Automotive Lemon Law in Malaysia

Published on November 16th, 2018 | by Daniel Sherman Fernandez


Why Is Chevrolet Declining In ASEAN?

In early 2015, General Motors (GM) pulled out of Indonesia after operating there since 1938. At the time, its market share in Indonesia stood at below 1%. Then weeks later, GM started scaling down its operations in Thailand where its had just a 3% market share. At the time, the Chevrolet Spin (compact MPV) and Sonic (compact car) were seeing declining sales despite the Thai governments push to to encourage compact vehicles sales using the ‘Eco Car 2’ program. Only the Chevrolet pickup truck seemed to continue having a following.

Now in November 2018, after 4 business ‘marriages’ with Malaysian companies, GM is retracting again from Malaysia.
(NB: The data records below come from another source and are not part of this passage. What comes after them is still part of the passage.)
text \<open>Euler's criterion determines the product modulo \<open>p\<close>, and both sides lie in \<open>{-1, 0, 1}\<close>.\<close>

lemma Legendre_mult:
  fixes p :: nat
  assumes p: "prime p" "2 < p"
  shows "Legendre (a * b) p = Legendre a p * Legendre b p"
proof -
  have "[Legendre (a * b) p = (a * b) ^ ((p - 1) div 2)] (mod p)"
    using euler_criterion[OF p] by simp
  moreover have "[Legendre a p * Legendre b p = a ^ ((p - 1) div 2) * b ^ ((p - 1) div 2)] (mod p)"
    using euler_criterion[OF p, of a] euler_criterion[OF p, of b] by (simp add: cong_mult)
  ultimately have "[Legendre (a * b) p = Legendre a p * Legendre b p] (mod p)"
    by (simp add: power_mult_distrib) (meson cong_sym cong_trans)
  then have "int p dvd Legendre (a * b) p - Legendre a p * Legendre b p"
    by (simp add: cong_iff_dvd_diff)
  moreover have "\<bar>Legendre (a * b) p - Legendre a p * Legendre b p\<bar> < int p"
    using Legendre_cases[of "a * b" p] Legendre_cases[of a p] Legendre_cases[of b p] p(2) by auto
  ultimately show ?thesis
    by (metis abs_of_nat dvd_imp_le_int eq_iff_diff_eq_0 not_le)
qed
lemma Legendre_mod_inverse:
  assumes q: "prime q" "2 < q" and u: "[p * u = 1] (mod q)"
  shows "Legendre (int u) (int q) = Legendre (int p) (int q)"
proof -
  have c: "[int p * int u = 1] (mod int q)" using u by (metis cong_int_iff of_nat_1 of_nat_mult)
  then have "Legendre (int p) (int q) * Legendre (int u) (int q) = 1"
    using Legendre_mult[OF q] Legendre_cong[OF c] Legendre_one[of "int q"] q by simp
  then show ?thesis by (auto simp: zmult_eq_1_iff)
qed

lemma square_roots_mod_prime:
  fixes q x y :: nat
  assumes q: "prime q" and xy: "x < q" "y < q" and sq: "[y * y = x * x] (mod q)"
  shows "y = x \<or> x + y = q"
proof -
  have "[int y * int y = int x * int x] (mod int q)"
    using sq by (simp add: cong_int_iff flip: of_nat_mult)
  then have "int q dvd (int y - int x) * (int y + int x)"
    by (simp add: cong_iff_dvd_diff square_diff_square_factored mult.commute)
  then have "int q dvd int y - int x \<or> int q dvd int y + int x"
    using q by (simp add: prime_dvd_mult_iff)
  then show ?thesis
  proof
    assume "int q dvd int y - int x"
    then have "[y = x] (mod q)" by (simp add: cong_iff_dvd_diff flip: cong_int_iff)
    then show ?thesis using xy by (simp add: cong_less_modulus_unique_nat)
  next
    assume "int q dvd int y + int x"
    then have "q dvd x + y" by (simp add: add.commute flip: of_nat_add)
    then obtain t where t: "x + y = q * t" by blast
    with xy have "q * t < q * 2" by linarith
    then have "t < 2" by simp
    then show ?thesis using t by (cases t) auto
  qed
qed
lemma square_roots_mod_prime_eq:
  fixes q x :: nat
  assumes q: "prime q" and x: "0 < x" "x < q"
  shows "{n. n < q \<and> (n * n) mod q = (x * x) mod q} = {x, q - x}"
proof -
  have "int (q - x) = int q - int x" using x(2) by simp
  then have "[int (q - x) * int (q - x) = int x * int x] (mod int q)"
    by (simp add: cong_iff_dvd_diff algebra_simps)
  then have "(q - x) * (q - x) mod q = x * x mod q"
    unfolding cong_def[symmetric] by (metis cong_int_iff of_nat_mult)
  moreover have "n = x \<or> n = q - x" if "n < q" "(n * n) mod q = (x * x) mod q" for n
    using square_roots_mod_prime[OF q x(2) that(1)] that(2) by (auto simp: cong_def)
  ultimately show ?thesis using x by auto
qed

lemma card_square_roots_mod_prime:
  fixes q m :: nat
  assumes q: "prime q" "odd q" and m: "m < q"
  shows "card {n. n < q \<and> (n * n) mod q = m} = nat (1 + Legendre (int m) (int q))"
proof -
  have q0: "0 < q" using q by (simp add: prime_gt_0_nat)
  show ?thesis
  proof (cases "m = 0")
    case True
    have zero_root: "n = 0" if "n < q" "(n * n) mod q = 0" for n
      using square_roots_mod_prime[OF q(1) q0 that(1)] that by (simp add: cong_def)
    have "{n. n < q \<and> (n * n) mod q = m} = {0}"
      unfolding True using q0 by (auto dest: zero_root)
    then show ?thesis using True by (simp add: Legendre_def)
  next
    case m0: False
    then have nz: "\<not> [int m = 0] (mod int q)" using m by (auto simp: cong_0_iff dest: dvd_imp_le)
    show ?thesis
    proof (cases "QuadRes (int q) (int m)")
      case False
      have "\<not> (n < q \<and> (n * n) mod q = m)" for n
      proof
        assume "n < q \<and> (n * n) mod q = m"
        then have "[int n ^ 2 = int m] (mod int q)"
          by (metis cong_def cong_int_iff mod_mod_trivial power2_eq_square of_nat_mult)
        then show False using False unfolding QuadRes_def by blast
      qed
      then show ?thesis using False nz by (simp add: Legendre_def)
    next
      case True
      then obtain y where "[y ^ 2 = int m] (mod int q)" unfolding QuadRes_def by blast
      moreover define x where "x = nat (y mod int q)"
      ultimately have x: "x < q" "(x * x) mod q = m"
        using m q0 by (auto simp: nat_less_iff power2_eq_square cong_def mod_mult_eq nat_mod_as_int)
      then have "0 < x" using m0 by (cases x) auto
      then have "{n. n < q \<and> (n * n) mod q = m} = {x, q - x}"
        unfolding x(2)[symmetric] using x(1) q(1) by (rule square_roots_mod_prime_eq[rotated])
      moreover have "x \<noteq> q - x" using q(2) x(1) by presburger
      ultimately show ?thesis using True nz by (simp add: Legendre_def)
    qed
  qed
qed

lemma sum_square_residues_mod_prime:
  fixes F :: "nat \<Rightarrow> complex"
  assumes q: "prime q" "odd q"
  shows "(\<Sum>n<q. F (n * n mod q)) = (\<Sum>m<q. of_int (1 + Legendre (int m) (int q)) * F m)"
proof -
  have q0: "0 < q" using q by (simp add: prime_gt_0_nat)
  have "(\<Sum>n<q. F (n * n mod q)) = (\<Sum>n<q. \<Sum>m<q. if n * n mod q = m then F m else 0)"
    using q0 by (intro sum.cong) (auto simp: sum.delta)
  also have "\<dots> = (\<Sum>m<q. \<Sum>n<q. if n * n mod q = m then F m else 0)"
    by (rule sum.swap)
  also have "\<dots> = (\<Sum>m<q. of_nat (card {n. n < q \<and> n * n mod q = m}) * F m)"
    by (intro sum.cong refl) (simp add: sum.If_cases Int_def)
  also have "\<dots> = (\<Sum>m<q. of_int (1 + Legendre (int m) (int q)) * F m)"
  proof (intro sum.cong refl)
    fix m assume "m \<in> {..<q}"
    moreover have "0 \<le> 1 + Legendre (int m) (int q)" using Legendre_cases[of "int m" "int q"] by auto
    ultimately show "of_nat (card {n. n < q \<and> n * n mod q = m}) * F m
                   = of_int (1 + Legendre (int m) (int q)) * F m"
      by (simp add: card_square_roots_mod_prime[OF q] of_nat_nat del: of_int_add)
  qed
  finally show ?thesis .
qed

lemma sum_Legendre_eq_0:
  assumes "prime q" "odd q"
  shows "(\<Sum>m<q. (of_int (Legendre (int m) (int q)) :: complex)) = 0"
  using sum_square_residues_mod_prime[OF assms, of "\<lambda>_. 1"] by (simp add: sum.distrib)

lemma quad_gauss_sum_eq_Legendre_sum:
  assumes q: "prime q" "odd q"
  shows "quad_gauss_sum q = (\<Sum>m<q. of_int (Legendre (int m) (int q)) * unity_root q (int m))"
proof -
  have q1: "1 < q" using prime_gt_1_nat[OF q(1)] .
  have "quad_gauss_sum q = (\<Sum>n<q. unity_root q (int (n * n mod q)))"
    unfolding quad_gauss_sum_def using q1
    by (intro sum.cong refl) (simp add: of_nat_mod unity_root_mod)
  also have "\<dots> = (\<Sum>m<q. unity_root q (int m))
      + (\<Sum>m<q. of_int (Legendre (int m) (int q)) * unity_root q (int m))"
    using sum_square_residues_mod_prime[OF q, of "\<lambda>m. unity_root q (int m)"]
    by (simp add: sum.distrib algebra_simps)
  also have "(\<Sum>m<q. unity_root q (int m)) = 0" using sum_unity_root_eq_0[of q 1] q1 by simp
  finally show ?thesis by simp
qed

text \<open>Substituting \<open>m \<mapsto> a m\<close> and using multiplicativity of the Legendre symbol.\<close>

lemma Legendre_gauss_sum:
  assumes q: "prime q" "odd q" and a: "\<not> q dvd a"
  shows "(\<Sum>m<q. of_int (Legendre (int m) (int q)) * unity_root q (int a * int m))
       = of_int (Legendre (int a) (int q)) * quad_gauss_sum q"
proof -
  have q0: "0 < q" using q by (simp add: prime_gt_0_nat)
  have q2: "2 < q" using prime_gt_1_nat[OF q(1)] q(2) by presburger
  have cop: "coprime a q" using a q(1) by (metis coprime_commute prime_imp_coprime)
  let ?L = "\<lambda>x. of_int (Legendre x (int q)) :: complex"
  let ?g = "\<lambda>m. ?L (int m) * unity_root q (int m)"
  have "quad_gauss_sum q = (\<Sum>m<q. ?g ((a * m) mod q))"
    unfolding quad_gauss_sum_eq_Legendre_sum[OF q]
    by (rule sum_lessThan_reindex_mod[OF q0, symmetric])
       (metis cong_def cong_mult_lcancel_nat cop cong_less_modulus_unique_nat)
  also have "\<dots> = (\<Sum>m<q. ?L (int a) * (?L (int m) * unity_root q (int a * int m)))"
  proof (rule sum.cong[OF refl])
    fix m
    have c: "[int (a * m mod q) = int a * int m] (mod int q)"
      by (simp add: cong_def flip: of_nat_mult zmod_int)
    show "?g (a * m mod q) = ?L (int a) * (?L (int m) * unity_root q (int a * int m))"
      using Legendre_cong[OF c] Legendre_mult[OF q(1) q2] unity_root_cong[OF q0 c] by simp
  qed
  finally have "quad_gauss_sum q
      = ?L (int a) * (\<Sum>m<q. ?L (int m) * unity_root q (int a * int m))"
    by (simp add: sum_distrib_left)
  moreover have "?L (int a) * ?L (int a) = 1"
    using Legendre_mult_self[of "int q" "int a"] a by (simp flip: of_int_mult)
  ultimately show ?thesis by (metis mult.assoc mult_1)
qed

section \<open>The Zak transform of the Golomb sequence\<close>

lemma cong_mult_inv_mod:
  assumes "coprime p q" "1 < q"
  shows "[p * inv_mod p q = 1] (mod q)"
proof -
  obtain x where x: "[p * x = 1] (mod q)" using cong_solve_coprime_nat[OF assms(1)] by auto
  have "[p * (x mod q) = p * x] (mod q)" by (simp add: cong_def mod_mult_right_eq)
  then have "x mod q < q \<and> [p * (x mod q) = 1] (mod q)" using cong_trans[OF _ x] assms(2) by simp
  then have "\<exists>u. u < q \<and> [p * u = 1] (mod q)" by blast
  then show ?thesis unfolding inv_mod_def by (metis (mono_tags, lifting) someI_ex)
qed

lemma mod_jacobi_dvd_p:
  assumes p: "prime p" and q: "prime q" and pq: "p \<noteq> q" and n: "int p dvd n"
  shows "mod_jacobi p q n = (if int p * int q dvd n then 1 else 0)"
proof -
  let ?m = "n mod (int p * int q)"
  have pos: "0 < int p * int q" using p q by (simp add: prime_gt_0_nat)
  have "int p dvd ?m" using n by (simp add: dvd_mod)
  moreover have "?m \<noteq> 0 \<Longrightarrow> \<not> int q dvd ?m"
  proof
    assume "?m \<noteq> 0" "int q dvd ?m"
    moreover have "coprime (int p) (int q)" using p q pq by (simp add: primes_coprime)
    ultimately have "int p * int q dvd ?m" using \<open>int p dvd ?m\<close> by (simp add: divides_mult)
    moreover have "0 < ?m" using \<open>?m \<noteq> 0\<close> pos_mod_sign[OF pos, of n] by linarith
    ultimately show False using zdvd_not_zless pos_mod_bound[OF pos] by blast
  qed
  ultimately show ?thesis unfolding mod_jacobi_def Let_def by (auto simp: dvd_eq_mod_eq_0)
qed

lemma mod_jacobi_not_dvd_p:
  assumes p: "prime p" and q: "prime q" and pq: "p \<noteq> q" and n: "\<not> int p dvd n"
  shows "mod_jacobi p q n = (1 + of_int (Legendre n (int p) * Legendre n (int q))) / 2
                          + (if int q dvd n then 1 / 2 else 0)"
proof -
  let ?m = "n mod (int p * int q)"
  have cp: "[?m = n] (mod int p)" and cq: "[?m = n] (mod int q)"
    by (simp_all add: cong_def mod_mod_cancel)
  have np: "\<not> int p dvd ?m" using n cp by (simp add: cong_dvd_iff)
  then have "?m \<noteq> 0" by auto
  have Lp: "Legendre n (int p) = 1 \<or> Legendre n (int p) = -1"
    using Legendre_cases[of n "int p"] Legendre_eq_0_iff[of n "int p"] n by auto
  show ?thesis
  proof (cases "int q dvd n")
    case True
    then have "Legendre n (int q) = 0" by (simp add: Legendre_eq_0_iff)
    then show ?thesis
      using True \<open>?m \<noteq> 0\<close> np cq by (simp add: mod_jacobi_def Let_def cong_dvd_iff)
  next
    case False
    then have "Legendre n (int q) = 1 \<or> Legendre n (int q) = -1"
      using Legendre_cases[of n "int q"] Legendre_eq_0_iff[of n "int q"] by auto
    then show ?thesis
      using False \<open>?m \<noteq> 0\<close> np cq Lp Legendre_cong[OF cp] Legendre_cong[OF cq]
      by (auto simp: mod_jacobi_def Let_def jacobi_pq_def cong_dvd_iff)
  qed
qed
(* Let $H=\{h_1,h_2,h_3\}$ with $\kappa_{h}=2$ for all $h\in H$, $D=\{f,m,s_1,s_2,s_3,s_4\}$ with single doctors $S=\{s_1,s_2,s_3,s_4\}$ and unique couple $c=\{f,m\}$. Suppose the hospitals' preferences over individual doctors are (best first, $\emptyset$ last): $\tilde P_{h_1}: s_3,s_4,s_1,f,m,s_2$; $\tilde P_{h_2}: s_4,s_3,f,m,s_1,s_2$; $\tilde P_{h_3}: s_3,s_4,m,f,s_1,s_2$, with each $P_h$ an arbitrary responsive extension of $\tilde P_h$ to feasible sets. Suppose the doctors' preferences are (best first, $\emptyset$ last): $P_{s_1}: h_2,h_1,h_3$; $P_{s_2}: h_3,h_1,h_2$; $P_{s_3}: h_1,h_2,h_3$; $P_{s_4}: h_2,h_1,h_3$; $P_f: h_1,h_3,h_2$; $P_m: h_2,h_1,h_3$; and the couple's preference $P_c$ ranks $(h_1,h_2),(h_1,h_1),(h_1,h_3),(h_3,h_3),(h_3,h_2),(h_3,h_1),(h_2,h_2),(h_2,h_1),(h_2,h_3)$ in this order, followed by all pairs in $\bar H^2\setminus H^2$ (in any order). Then no stable matching exists at this preference profile.
   Context: Standing model. Let $H$ be a finite set of hospitals with $|H|\ge 2$; each $h\in H$ has a capacity $\kappa_h\in\mathbb{N}$ with $\kappa_h\ge 2$. Write $\bar H=H\cup\{\emptyset\}$, where being assigned $\emptyset$ means being unmatched. The finite set of doctors is $D=F\cup M\cup S$ (pairwise disjoint), with $F=\{f_1,\dots,f_k\}$, $M=\{m_1,\dots,m_k\}$, $k\ge 1$; the set of couples is $C=\{\{f_1,m_1\},\dots,\{f_k,m_k\}\}$, and doctors in $S$ are called single doctors. Assume $|D|\ge 4$ and $\sum_{h\in H}\kappa_h=|D|$. A matching is a map $\mu$ assigning to each $h\in H$ a set $\mu(h)\subseteq D$ with $|\mu(h)|\le\kappa_h$ and to each doctor $d$ an element $\mu(d)\in\bar H$, such that $\mu(d)=h$ iff $d\in\mu(h)$; for a couple $c=\{f,m\}$ write $\mu(c)=(\mu(f),\mu(m))$. For a set $X$, $\mathbb{L}(X)$ is the set of strict linear orders (preferences) on $X$; for a preference $P$, $R$ denotes its reflexive version ($xRy$ iff $x=y$ or $xPy$), and $r_1(P)$ its top element. Each hospital $h$ has a preference $\tilde P_h\in\mathbb{L}(D\cup\{\emptyset\})$ over individual doctors with $d\,\tilde P_h\,\emptyset$ for all $d\in D$, and a preference $P_h$ over the feasible sets $\{D'\subseteq D:|D'|\le\kappa_h\}$ that is responsive with respect to $\tilde P_h$: (i) on singletons and $\emptyset$, $P_h$ agrees with $\tilde P_h$; (ii) for all $D'\subsetneq D$ and all $D_1,D_2\subseteq D\setminus D'$ with $|D'\cup D_1|\le\kappa_h$, $|D'\cup D_2|\le\kappa_h$: $(D'\cup D_1)\,P_h\,(D'\cup D_2)$ iff $D_1\,P_h\,D_2$. Each doctor $d\in D$ has a preference $P_d\in\mathbb{L}(\bar H)$ with $h\,P_d\,\emptyset$ for all $h\in H$. Each couple $c=\{f,m\}$ has a preference $P_c\in\mathbb{L}(\bar H^2)$, where the pair $(h,h')$ means $f$ is assigned $h$ and $m$ is assigned $h'$; every pair in $H^2$ is preferred under $P_c$ to every pair in $\bar H^2\setminus H^2$. A preference profile consists of such preferences for all doctors, all couples and all hospitals. Blocking and stability. At a matching $\mu$, hospital $h$ is interested in a set $D'\subseteq D$ if there is $D''\subseteq\mu(h)$ with $|(\mu(h)\setminus D'')\cup D'|\le\kappa_h$ and $((\mu(h)\setminus D'')\cup D')\,P_h\,\mu(h)$. A pair $(h,s)$ with $h\in H$, $s\in S$ blocks $\mu$ if $h\,P_s\,\mu(s)$ and $h$ is interested in $\{s\}$. For a couple $c=\{f,m\}$ and $h_f,h_m\in H$, $((h_f,h_m),c)$ blocks $\mu$ if $(h_f,h_m)\,P_c\,\mu(c)$ and: (i) if $h_f\ne h_m$, $\mu(f)\ne h_f$ and $\mu(m)\ne h_m$, then $h_f$ is interested in $\{f\}$ and $h_m$ is interested in $\{m\}$; (ii) if $h_f\ne h_m$ and, for $\{x,y\}=\{f,m\}$, $\mu(x)=h_x$ and $\mu(y)\neq h_y$, then $h_y$ is interested in $\{y\}$; (iii) if $h_f=h_m=h$, then $h$ is interested in $\{f,m\}$. A matching is stable if it is blocked by no such pair. *)

theory Defs
  imports Main
begin

text \<open>The hospital set H is UNIV :: 'h set, the doctor set D is UNIV :: 'd set.
  An assignment to a doctor is a 'h option, None meaning unmatched (the empty hospital).
  Strict preferences are binary predicates P x y meaning "x is strictly preferred to y".\<close>

definition strict_linear_on :: "'a set \<Rightarrow> ('a \<Rightarrow> 'a \<Rightarrow> bool) \<Rightarrow> bool" where
  "strict_linear_on A P \<longleftrightarrow>
     (\<forall>x y. P x y \<longrightarrow> x \<in> A \<and> y \<in> A) \<and>
     (\<forall>x\<in>A. \<not> P x x) \<and>
     (\<forall>x\<in>A. \<forall>y\<in>A. \<forall>z\<in>A. P x y \<and> P y z \<longrightarrow> P x z) \<and>
     (\<forall>x\<in>A. \<forall>y\<in>A. x \<noteq> y \<longrightarrow> P x y \<or> P y x)"

definition list_pref :: "'a list \<Rightarrow> 'a \<Rightarrow> 'a \<Rightarrow> bool" where
  "list_pref xs a b \<longleftrightarrow> (\<exists>i j. i < j \<and> j < length xs \<and> xs ! i = a \<and> xs ! j = b)"

definition feasible :: "('h \<Rightarrow> nat) \<Rightarrow> 'h \<Rightarrow> 'd set set" where
  "feasible kappa h = {X. finite X \<and> card X \<le> kappa h}"

definition responsive ::
  "('h \<Rightarrow> nat) \<Rightarrow> ('h \<Rightarrow> 'd option \<Rightarrow> 'd option \<Rightarrow> bool)
   \<Rightarrow> ('h \<Rightarrow> 'd set \<Rightarrow> 'd set \<Rightarrow> bool) \<Rightarrow> 'h \<Rightarrow> bool" where
  "responsive kappa tP PH h \<longleftrightarrow>
     (\<forall>d d'. PH h {d} {d'} \<longleftrightarrow> tP h (Some d) (Some d')) \<and>
     (\<forall>d. PH h {d} {} \<longleftrightarrow> tP h (Some d) None) \<and>
     (\<forall>d. PH h {} {d} \<longleftrightarrow> tP h None (Some d)) \<and>
     (\<forall>D' D1 D2. D' \<subset> UNIV \<and> D1 \<subseteq> - D' \<and> D2 \<subseteq> - D'
        \<and> D' \<union> D1 \<in> feasible kappa h \<and> D' \<union> D2 \<in> feasible kappa h
        \<longrightarrow> (PH h (D' \<union> D1) (D' \<union> D2) \<longleftrightarrow> PH h D1 D2))"

definition assigned :: "('d \<Rightarrow> 'h option) \<Rightarrow> 'h \<Rightarrow> 'd set" where
  "assigned mu h = {d. mu d = Some h}"

definition is_matching :: "('h \<Rightarrow> nat) \<Rightarrow> ('d \<Rightarrow> 'h option) \<Rightarrow> bool" where
  "is_matching kappa mu \<longleftrightarrow> (\<forall>h. card (assigned mu h) \<le> kappa h)"

definition interested ::
  "('h \<Rightarrow> nat) \<Rightarrow> ('h \<Rightarrow> 'd set \<Rightarrow> 'd set \<Rightarrow> bool) \<Rightarrow> ('d \<Rightarrow> 'h option) \<Rightarrow> 'h \<Rightarrow> 'd set \<Rightarrow> bool" where
  "interested kappa PH mu h D' \<longleftrightarrow>
     (\<exists>D''. D'' \<subseteq> assigned mu h \<and>
        card ((assigned mu h - D'') \<union> D') \<le> kappa h \<and>
        PH h ((assigned mu h - D'') \<union> D') (assigned mu h))"

definition single_blocks ::
  "('h \<Rightarrow> nat) \<Rightarrow> ('h \<Rightarrow> 'd set \<Rightarrow> 'd set \<Rightarrow> bool) \<Rightarrow> ('d \<Rightarrow> 'h option \<Rightarrow> 'h option \<Rightarrow> bool)
   \<Rightarrow> ('d \<Rightarrow> 'h option) \<Rightarrow> 'h \<Rightarrow> 'd \<Rightarrow> bool" where
  "single_blocks kappa PH Pd mu h s \<longleftrightarrow>
     Pd s (Some h) (mu s) \<and> interested kappa PH mu h {s}"

definition couple_blocks ::
  "('h \<Rightarrow> nat) \<Rightarrow> ('h \<Rightarrow> 'd set \<Rightarrow> 'd set \<Rightarrow> bool)
   \<Rightarrow> ('h option \<times> 'h option \<Rightarrow> 'h option \<times> 'h option \<Rightarrow> bool)
   \<Rightarrow> ('d \<Rightarrow> 'h option) \<Rightarrow> 'h \<Rightarrow> 'h \<Rightarrow> 'd \<Rightarrow> 'd \<Rightarrow> bool" where
  "couple_blocks kappa PH Pcpl mu hf hm f m \<longleftrightarrow>
     Pcpl (Some hf, Some hm) (mu f, mu m) \<and>
     (hf \<noteq> hm \<and> mu f \<noteq> Some hf \<and> mu m \<noteq> Some hm \<longrightarrow>
        interested kappa PH mu hf {f} \<and> interested kappa PH mu hm {m}) \<and>
     (hf \<noteq> hm \<and> mu f = Some hf \<and> mu m \<noteq> Some hm \<longrightarrow> interested kappa PH mu hm {m}) \<and>
     (hf \<noteq> hm \<and> mu m = Some hm \<and> mu f \<noteq> Some hf \<longrightarrow> interested kappa PH mu hf {f}) \<and>
     (hf = hm \<longrightarrow> interested kappa PH mu hf {f, m})"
Its 4th marriage, with the Naza Group has just ended and the GM PR department in Thailand has issued a statement saying that a new 5th business marriage is being planned. We are sure this marriage will not take place in the near future unless GM itself comes to Malaysia and opens for business with new and interesting products.

Looking at GM’s issues with Indonesia and Thailand it is not surprising that the Malaysian retreat has come. We believe that GM has not looked seriously into the buyer behavior and the needs of the maturing ASEAN motoring consumer and instead just brought in products that does not compete head to head with Korean and Japanese vehicles sold in ASEAN. (The last Cruze and Malibu cars have been replaced with newer models globally but were never introduced in Malaysia) and the ageing Captiva SUV has no revised model.

Looking at how Mazda and Subaru have moved fast forward in ASEAN to compete with long established Toyota, Nissan and Honda in ASEAN, its is clear indication that the product planners in both Mazda and Subaru have understood the maturing needs of the ASEAN car buyer and developed new ‘sexy’ products with latest cabin and drivetrain technology to stay ahead and even at times be ahead of the established competitors.

It is time for General Motors to understand that ASEAN is a mature car market and buyers will not accept old technology under fresh paint and leather.